I can't say I know any linear programming, sry

oh fair 😦

how can we prove that index of a nilpotent matrix <= n for A is nxn matrix?

I've read some solutions in mathematics stack but don't understand a lot

if you wanna change row 2 for example
can you do row2 = number * row2 - another number * row3
or can you only do row2 = row2 - number * row3

you could do either.

@undone garnet is that Geoffrey Hinton in your picture?

@north sierra it is

nice

okay kxrider

thanks

np

the number doesn't matter right

as long as its non zero

right any non zero scalar

what does scalar mean

like a "regular" number, not a vector or anything.

oh ok

the idea that comes to mind is that you have $\ker{A} \subset \ker{A^2} \subset \cdots \subset \ker{A^n}$ but I am not sure how to argue that each should be a proper subspace of each other.

kxrider:

oh, that's a good hint I think

because we also know that if ker A^k = ker A^{k+1} then ker A^k = ker A^{k+1} = ker A^{k+2} = ...

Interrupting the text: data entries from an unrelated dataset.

lemma geometric_P: "geometric P"
  by (rule geometric_rank.geometric_L[OF geometric_rank_P])

lemma rk_P: "x \<in> lcar P \<Longrightarrow> rk P x = pair_rk (dec x)"
  using geometric_rank.rk_eq_r[OF geometric_rank_P] by simp

lemma iotaP_eq: "\<iota>P x = enc (\<iota>1 x, \<iota>2 x)" unfolding pincl_def by simp

lemma Fi_P: "Fi L \<iota>P = FP" unfolding Fi_def iotaP_eq by simp

lemma F_pair_in: "(F1, F2) \<in> pairs"
  using pairsI m1.F_in m2.F_in m1.proj_F m2.proj_F by simp

lemma FP_in: "FP \<in> lcar P" using enc_mem_P F_pair_in by simp

lemma lift1_eq: assumes "H \<in> lcar E1" shows "lift1 L \<iota>1 E2 \<iota>2 H = enc (plift1 H)"
  unfolding lift1_def plift1_def using m1.in_iota_image_iff[OF assms] m1.the_inv_into_iota[OF assms] by simp

lemma lift2_eq: assumes "H \<in> lcar E2" shows "lift2 L E1 \<iota>1 \<iota>2 H = enc (plift2 H)"
  unfolding lift2_def plift2_def using m2.in_iota_image_iff[OF assms] m2.the_inv_into_iota[OF assms] by simp

lemma iotaP_join: assumes x: "x \<in> lcar L" and y: "y \<in> lcar L"
  shows "\<iota>P (join L x y) = join P (\<iota>P x) (\<iota>P y)"
proof -
  have xy: "join L x y \<in> lcar L" using x y by simp
  have "pair_join (\<iota>1 x, \<iota>2 x) (\<iota>1 y, \<iota>2 y) = (\<iota>1 (join L x y), \<iota>2 (join L x y))"
    unfolding pair_join_def Let_def
    using m1.iota_join[OF x y] m2.iota_join[OF x y] m1.proj_iota[OF xy] m2.proj_iota[OF xy] m1.L.join_idem[OF xy]
      m1.E.join_idem[OF m1.iota_in[OF xy]] m2.E.join_idem[OF m2.iota_in[OF xy]] by simp
  then show ?thesis using join_P[OF iota_pair_in[OF x] iota_pair_in[OF y]] iotaP_eq by simp
qed

lemma iotaP_atom: assumes a: "a \<in> atoms L" shows "\<iota>P a \<in> atoms P"
proof -
  have aL: "a \<in> lcar L" using m1.L.atoms_in[OF a] .
  have ia: "\<iota>1 a \<in> atoms E1" using m1.iota_atoms a by blast
  have "plift1 (\<iota>1 a) = (\<iota>1 a, \<iota>2 a)" unfolding plift1_def using m1.iota_le_F[OF aL] m1.proj_iota[OF aL] by simp
  then show ?thesis using plift1_atom[OF ia] iotaP_eq by simp
qed

lemma iotaP_embedding: "embedding L P \<iota>P"
  unfolding embedding_def
proof (intro conjI ballI impI)
  show "inj_on \<iota>P (lcar L)"
  proof (rule inj_onI)
    fix x y assume "x \<in> lcar L" "y \<in> lcar L" "\<iota>P x = \<iota>P y"
    then show "x = y" using m1.iota_inj inj_prod_encode unfolding iotaP_eq inj_on_def inj_def by auto
  qed
  show "\<iota>P ` lcar L \<subseteq> lcar P" using iota_pair_in enc_mem_P iotaP_eq by auto
  show "\<iota>P ` atoms L \<subseteq> atoms P" using iotaP_atom by blast
  fix x y assume x: "x \<in> lcar L" and y: "y \<in> lcar L"
  show "\<iota>P (join L x y) = join P (\<iota>P x) (\<iota>P y)" using iotaP_join[OF x y] .
  assume "lle L x y"
  then show "lle P (\<iota>P x) (\<iota>P y)" unfolding le_P iotaP_eq pair_le_def using m1.iota_mono m2.iota_mono x y by simp
qed

lemma iotaP_image: "\<iota>P ` lcar L = interval P (bot P) FP"
proof
  show "\<iota>P ` lcar L \<subseteq> interval P (bot P) FP"
  proof
    fix z assume "z \<in> \<iota>P ` lcar L"
    then obtain x where x: "x \<in> lcar L" "z = \<iota>P x" by blast
    have zC: "z \<in> lcar P" using x iota_pair_in enc_mem_P iotaP_eq by simp
    moreover have "lle P z FP" unfolding x(2) iotaP_eq le_P pair_le_def using m1.iota_le_F[OF x(1)] m2.iota_le_F[OF x(1)] by simp
    ultimately show "z \<in> interval P (bot P) FP" unfolding interval_def using P.bot_le by simp
  qed
  show "interval P (bot P) FP \<subseteq> \<iota>P ` lcar L"
  proof
    fix z assume "z \<in> interval P (bot P) FP"
    then have zC: "z \<in> lcar P" and zF: "lle P z FP" unfolding interval_def by auto
    have zP: "dec z \<in> pairs" using zC mem_P by simp
    have A: "fst (dec z) \<in> lcar E1" "snd (dec z) \<in> lcar E2" and t: "m1.proj (fst (dec z)) = m2.proj (snd (dec z))"
      using pairsD[OF zP] by auto
    have l: "lle E1 (fst (dec z)) F1" "lle E2 (snd (dec z)) F2" using zF unfolding le_P pair_le_def by auto
    obtain z1 where z1: "z1 \<in> lcar L" "fst (dec z) = \<iota>1 z1" using m1.below_F_in_image[OF A(1) l(1)] by blast
    obtain z2 where z2: "z2 \<in> lcar L" "snd (dec z) = \<iota>2 z2" using m2.below_F_in_image[OF A(2) l(2)] by blast
    have "z1 = z2" using t z1 z2 m1.proj_iota m2.proj_iota by simp
    then have "dec z = (\<iota>1 z1, \<iota>2 z1)" using z1 z2 by (simp add: prod_eq_iff)
    then have "z = \<iota>P z1" unfolding iotaP_eq by (metis prod_decode_inverse)
    then show "z \<in> \<iota>P ` lcar L" using z1 by blast
  qed
qed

@undone garnet proved this earlier (maybe a week or so ago?)

ohh

but since A is nilpotent.... (should be easy to finish from here)

yeah

@undone garnet just curious, where do your questions come from?

my facebook

but

we get what from there?

prove index of A (nilpotent) <= deg(A)

well you know that ker A^k = V for some k since A is nilpotent

I mean

yes I know

the kernel eventually becomes the whole thing

and it must do this before ker A^m = ker A^{m+1}, because if this happens it stops growing forever

in the worse case scenario, the dimension of the kernel increases by 1 each time you take a higher power

so even if ker A is 1 dimensional then the kernel increases to the whole space by A^n

is this about my question?

nah, nguyens

oh

and it can not be that dim ker A = 0 since then A is an isomorphism and can't be nilpotent

ker(A^m) = ker(A^{m+1})

I don't still find it help to prove my prob

Ok so in order for A^k = 0 k<=n for an nxn matrix, the dimension of the kernel of A must decrease by at least one with every composition of A with itself.

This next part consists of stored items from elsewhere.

(* For any space $X$ and $x\in X$, the following are equivalent: (1) $X$ is sequentially $0$-connected at $x$; (2) $X$ is path connected and $0$-tame at $x$; (3) $X$ is path connected and $\pi_0$-residual at $x$; (4) every sequence of (unbased) maps $\{f_{k}\}_{k\in\mathbb{N}}$, $f_k:S^0\to X$, that converges to $x$ is sequentially null-homotopic; (5) for every convergent sequence $x_k\to x$ in $X$, there exists a path $\alpha:I\to X$ such that $\alpha(1/k)=x_k$ for all $k$ and $\alpha(0)=x$.
   Context: All spaces Hausdorff; $I=[0,1]$, $S^0=\{-1,1\}$. $\mathbb{H}_0=\{0\}\cup\{1/m:m\in\mathbb{N}\}$ with basepoint $b_0=0$, and $\ell_m:S^0\to\mathbb{H}_0$ sends $-1\mapsto 0$, $1\mapsto 1/m$ (inclusion of the $m$-th copy of $S^0$ in the shrinking wedge). $[(\mathbb{H}_0,b_0),(X,x)]$ is the set of based homotopy classes; $\Theta_0:[(\mathbb{H}_0,b_0),(X,x)]\to\pi_0(X,x)^{\mathbb{N}}$, $[f]\mapsto([f\circ\ell_m])_m$. $X$ is sequentially $0$-connected at $x$ if $[(\mathbb{H}_0,b_0),(X,x)]$ is a singleton; $\pi_0$-residual at $x$ if $\Theta_0$ is injective; $\pi_0$-finitary at $x$ if every element of the image of $\Theta_0$ has all but finitely many coordinates equal to the path component of $x$; $0$-tame at $x$ if it is $\pi_0$-residual and $\pi_0$-finitary at $x$. A sequence of maps $\{f_k\}$ converges to $x$ if for every neighborhood $U$ of $x$, $\operatorname{Im}(f_k)\subseteq U$ for all but finitely many $k$; it is sequentially null-homotopic if there are free homotopies $H_k$ from $f_k$ to the constant map at $x$ such that $\{H_k\}$ converges to $x$. *)

theory Defs
  imports "HOL-Analysis.Analysis"
begin

definition H0_set :: "real set" where
  "H0_set = insert 0 {1 / real m | m. m \<ge> 1}"

definition H0 :: "real topology" where
  "H0 = subtopology euclideanreal H0_set"

definition S0 :: "real topology" where
  "S0 = subtopology euclideanreal {-1, 1}"

definition ell :: "nat \<Rightarrow> real \<Rightarrow> real" where
  "ell m t = (if t = -1 then 0 else 1 / real m)"

definition based_H0_map :: "'a topology \<Rightarrow> 'a \<Rightarrow> (real \<Rightarrow> 'a) \<Rightarrow> bool" where
  "based_H0_map X x f \<longleftrightarrow> continuous_map H0 X f \<and> f 0 = x"

definition based_H0_homotopic :: "'a topology \<Rightarrow> 'a \<Rightarrow> (real \<Rightarrow> 'a) \<Rightarrow> (real \<Rightarrow> 'a) \<Rightarrow> bool" where
  "based_H0_homotopic X x f g \<longleftrightarrow> homotopic_with (\<lambda>h. h 0 = x) H0 X f g"

text \<open>Based homotopy of based maps (S^0,-1) \<rightarrow> (X,x); classes form \<pi>_0(X,x).\<close>
definition based_S0_homotopic :: "'a topology \<Rightarrow> 'a \<Rightarrow> (real \<Rightarrow> 'a) \<Rightarrow> (real \<Rightarrow> 'a) \<Rightarrow> bool" where
  "based_S0_homotopic X x f g \<longleftrightarrow> homotopic_with (\<lambda>h. h (-1) = x) S0 X f g"

text \<open>[(H_0,b_0),(X,x)] is a singleton (it always contains the constant map).\<close>
definition seq_0_connected_at :: "'a topology \<Rightarrow> 'a \<Rightarrow> bool" where
  "seq_0_connected_at X x \<longleftrightarrow>
     (\<forall>f g. based_H0_map X x f \<and> based_H0_map X x g \<longrightarrow> based_H0_homotopic X x f g)"

text \<open>\<Theta>_0 injective: equal coordinates [f \<circ> l_m] = [g \<circ> l_m] for all m \<in> \<nat> imply [f] = [g].\<close>
definition pi0_residual_at :: "'a topology \<Rightarrow> 'a \<Rightarrow> bool" where
  "pi0_residual_at X x \<longleftrightarrow>
     (\<forall>f g. based_H0_map X x f \<and> based_H0_map X x g \<and>
        (\<forall>m\<ge>1. based_S0_homotopic X x (f \<circ> ell m) (g \<circ> ell m))
        \<longrightarrow> based_H0_homotopic X x f g)"

text \<open>Every element of the image of \<Theta>_0 has all but finitely many coordinates equal
  to the path component of x, i.e. the class of the constant map.\<close>
definition pi0_finitary_at :: "'a topology \<Rightarrow> 'a \<Rightarrow> bool" where
  "pi0_finitary_at X x \<longleftrightarrow>
     (\<forall>f. based_H0_map X x f \<longrightarrow>
        finite {m. m \<ge> 1 \<and> \<not> based_S0_homotopic X x (f \<circ> ell m) (\<lambda>_. x)})"

definition tame0_at :: "'a topology \<Rightarrow> 'a \<Rightarrow> bool" where
  "tame0_at X x \<longleftrightarrow> pi0_residual_at X x \<and> pi0_finitary_at X x"

definition maps_converge_to :: "'b topology \<Rightarrow> 'a topology \<Rightarrow> (nat \<Rightarrow> 'b \<Rightarrow> 'a) \<Rightarrow> 'a \<Rightarrow> bool" where
  "maps_converge_to D X f x \<longleftrightarrow>
     (\<forall>U. openin X U \<and> x \<in> U \<longrightarrow> eventually (\<lambda>k. f k ` topspace D \<subseteq> U) sequentially)"

definition seq_null_homotopic :: "'b topology \<Rightarrow> 'a topology \<Rightarrow> (nat \<Rightarrow> 'b \<Rightarrow> 'a) \<Rightarrow> 'a \<Rightarrow> bool" where
  "seq_null_homotopic D X f x \<longleftrightarrow>
     (\<exists>H :: nat \<Rightarrow> real \<times> 'b \<Rightarrow> 'a.
        (\<forall>k. continuous_map (prod_topology (top_of_set {0..1}) D) X (H k) \<and>
             (\<forall>t \<in> topspace D. H k (0, t) = f k t \<and> H k (1, t) = x)) \<and>
        maps_converge_to (prod_topology (top_of_set {0..1}) D) X H x)"

end

theory Submission
  imports Defs
begin

text \<open>A based map \<open>f : H\<^sub>0 \<rightarrow> X\<close> is the same as a sequence \<open>f(1/k) \<rightarrow> x\<close>. Condition (5) says
  that every such \<open>f\<close> extends to a path \<open>\<alpha>\<close> on \<open>[0,1] \<supseteq> H\<^sub>0\<close>, and then
  \<open>(t, s) \<mapsto> \<alpha>((1 - t) s)\<close> contracts \<open>f\<close>; so (5) implies (1). Conversely, a based
  null-homotopy of \<open>f\<close> provides paths from \<open>f(1/k)\<close> to \<open>x\<close> that shrink uniformly to \<open>x\<close>
  (tube lemma), and going out and back along consecutive ones strings all of them into a
  single path through every \<open>f(1/k)\<close>. Condition (5) gives (4) when applied to the interleaved
  sequence \<open>f\<^sub>0(-1), f\<^sub>0(1), f\<^sub>1(-1), \<dots>\<close>: a path through it contracts all \<open>f\<^sub>k\<close> at once.
  Conversely, for \<open>f\<^sub>k = (x, x\<^sub>k)\<close> the homotopies of (4) are shrinking paths from \<open>x\<^sub>k\<close> to \<open>x\<close>.
  Finally, in a path-connected space every based map \<open>S\<^sup>0 \<rightarrow> X\<close> is null-homotopic, so
  \<open>\<Theta>\<^sub>0\<close> has a single point as image: \<open>\<pi>\<^sub>0\<close>-finitarity is automatic and \<open>\<pi>\<^sub>0\<close>-residuality says
  that \<open>[(H\<^sub>0,b\<^sub>0),(X,x)]\<close> is a singleton.\<close>

section \<open>Maps out of \<open>S\<^sup>0\<close> and \<open>H\<^sub>0\<close>\<close>

lemma continuous_map_top_of_set_real_iff:
  fixes S :: "real set"
  shows "continuous_map (top_of_set S) X f \<longleftrightarrow>
    f ` S \<subseteq> topspace X \<and>
    (\<forall>t\<in>S. \<forall>U. openin X U \<and> f t \<in> U \<longrightarrow> (\<exists>e>0. \<forall>s\<in>S. dist s t < e \<longrightarrow> f s \<in> U))"
  unfolding continuous_map_def openin_euclidean_subtopology_iff
  by (auto simp: Pi_iff image_subset_iff)

lemma S0_eq_discrete_topology: "S0 = discrete_topology {-1, 1}"
  unfolding S0_def
  by (intro finite_t1_space_imp_discrete_topology Hausdorff_imp_t1_space Hausdorff_space_subtopology) auto

lemma continuous_map_S0_iff:
  "continuous_map S0 X f \<longleftrightarrow> f (-1) \<in> topspace X \<and> f 1 \<in> topspace X"
  by (auto simp: S0_eq_discrete_topology)

lemma topspace_S0 [simp]: "topspace S0 = {-1, 1}"
  by (simp add: S0_def)

lemma topspace_H0 [simp]: "topspace H0 = H0_set"
  by (simp add: H0_def)

lemma zero_in_H0_set [simp]: "0 \<in> H0_set"
  by (simp add: H0_set_def)

lemma inverse_nat_in_H0_set: "k \<ge> 1 \<Longrightarrow> 1 / real k \<in> H0_set"
  by (auto simp: H0_set_def)

lemma H0_set_cases:
  assumes "t \<in> H0_set"
  obtains "t = 0" | m where "m \<ge> 1" "t = 1 / real m"
  using assms by (auto simp: H0_set_def)

lemma H0_set_subset_unit_interval: "H0_set \<subseteq> {0..1}"
  by (auto simp: H0_set_def)

lemma eventually_inverse_nat_less: "e > 0 \<Longrightarrow> \<forall>\<^sub>F k in sequentially. 1 / real k < e"
  using order_tendstoD(2)[OF lim_inverse_n'] by (simp add: o_def)

lemma isolated_inverse_nat_in_H0_set:
  assumes m: "m \<ge> 1" and s: "s \<in> H0_set" and near: "dist s (1 / real m) < 1 / (real m * (real m + 1))"
  shows "s = 1 / real m"
proof -
  have gap: "1 / (real m * (real m + 1)) = 1 / real m - 1 / (real m + 1)"
    using m by (simp add: field_simps)
  show ?thesis
  using s proof (cases rule: H0_set_cases)
    case 1
    then show ?thesis using near gap m by (simp add: dist_real_def)
  next
    case (2 n)
    consider "n = m" | "n \<ge> m + 1" | "n + 1 \<le> m" by linarith
    then show ?thesis
    proof cases
      case 2
      then have "1 / real n \<le> 1 / (real m + 1)" using m by (simp add: frac_le)
      then show ?thesis using near gap \<open>s = 1 / real n\<close> m by (simp add: dist_real_def)
    next
      case 3
      then have "1 / (real m - 1) \<le> 1 / real n" using \<open>n \<ge> 1\<close> by (simp add: frac_le)
      moreover have "1 / (real m - 1) - 1 / real m = 1 / (real m * (real m - 1))"
        using 3 \<open>n \<ge> 1\<close> by (simp add: field_simps)
      moreover have "1 / (real m * (real m + 1)) \<le> 1 / (real m * (real m - 1))"
        using 3 \<open>n \<ge> 1\<close> by (intro frac_le) auto
      ultimately show ?thesis using near \<open>s = 1 / real n\<close> m by (simp add: dist_real_def)
    qed (simp add: \<open>s = 1 / real n\<close>)
  qed
qed

lemma continuous_map_H0_iff:
  "continuous_map H0 X g \<longleftrightarrow>
    g ` H0_set \<subseteq> topspace X \<and> limitin X (\<lambda>k. g (1 / real k)) (g 0) sequentially"
  (is "?cont \<longleftrightarrow> ?into \<and> ?lim")
proof
  assume ?cont
  then have into: ?into and near: "\<And>t U. t \<in> H0_set \<Longrightarrow> openin X U \<Longrightarrow> g t \<in> U \<Longrightarrow>
      \<exists>e>0. \<forall>s\<in>H0_set. dist s t < e \<longrightarrow> g s \<in> U"
    unfolding H0_def continuous_map_top_of_set_real_iff by blast+
  have ?lim
    unfolding limitin_def
  proof (intro conjI allI impI)
    show "g 0 \<in> topspace X" using into by auto
    fix U assume "openin X U \<and> g 0 \<in> U"
    then obtain e where "e > 0" and e: "\<And>s. s \<in> H0_set \<Longrightarrow> dist s 0 < e \<Longrightarrow> g s \<in> U"
      using near[of 0 U] by auto
    show "\<forall>\<^sub>F k in sequentially. g (1 / real k) \<in> U"
      using eventually_inverse_nat_less[OF \<open>e > 0\<close>] eventually_ge_at_top[of 1]
      by eventually_elim (simp add: e inverse_nat_in_H0_set)
  qed
  with into show "?into \<and> ?lim" ..
next
  assume "?into \<and> ?lim"
  then have into: ?into and lim: ?lim by blast+
  show ?cont
    unfolding H0_def continuous_map_top_of_set_real_iff
  proof (intro conjI ballI allI impI into)
    fix t U assume t: "t \<in> H0_set" and U: "openin X U \<and> g t \<in> U"
    show "\<exists>e>0. \<forall>s\<in>H0_set. dist s t < e \<longrightarrow> g s \<in> U"
    using t proof (cases rule: H0_set_cases)
      case 1
      then obtain N where N: "\<And>k. k \<ge> N \<Longrightarrow> g (1 / real k) \<in> U"
        using lim U unfolding limitin_def eventually_sequentially by blast
      have "g s \<in> U" if "s \<in> H0_set" "dist s 0 < 1 / (real N + 1)" for s
      using that(1) proof (cases rule: H0_set_cases)
        case (2 m)
        with that(2) have "real N + 1 < real m" using \<open>m \<ge> 1\<close> by (simp add: field_simps)
        then show ?thesis using N[of m] \<open>s = 1 / real m\<close> by simp
      qed (use U 1 in simp)
      then show ?thesis using 1 by (intro exI[of _ "1 / (real N + 1)"]) auto
    next
      case (2 m)
      then show ?thesis
        using U isolated_inverse_nat_in_H0_set[of m]
        by (intro exI[of _ "1 / (real m * (real m + 1))"]) auto
    qed
  qed
qed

Suppose we have a nilpotent nxn matrix where the dimension of the kernel decreases by 1 after every composition with itself, except for exactly m times when we have that ker(A^j) = ker(A^{j+1}). Lets say A^k = 0. Then we can conclude that k = n+m.

But its never the case that ker(A^m) = ker(A^{m+1}) for a matrix with nontrivial kernel.
Its never the case that ker(A^j) = ker(A^{j+1}) and ker(A^j) not equal to ker(A^{j+2})

corrected the last part

hm...

because A is nilpotent matrix => det(A) = 0 => rank(A) != n => ker(A) >= 1

suppose index of A is k > n

=> A^n != 0 => ker(A^n) < n or we can say that ker(A^n) <= n - 1

1 <= ker(A) <= ker(A^2) <= ... <= ker(A^n) <= n - 1

this statements implies that exist m < n that ker(A^m) = ker(A^{m+1})

for any vector v

(A^k)v = 0 (because k is index)

m+1+k-(m+1) = k so

(A^k)v=0 <=> A^(m+1).A^(k-(m+1))v = 0

this one implies A^(k-(m+1))v is in ker(A^(m+1))

=> A^(k-(m+1))v is in ker(A^m) too because ker(A^m) = ker(A^(m+1))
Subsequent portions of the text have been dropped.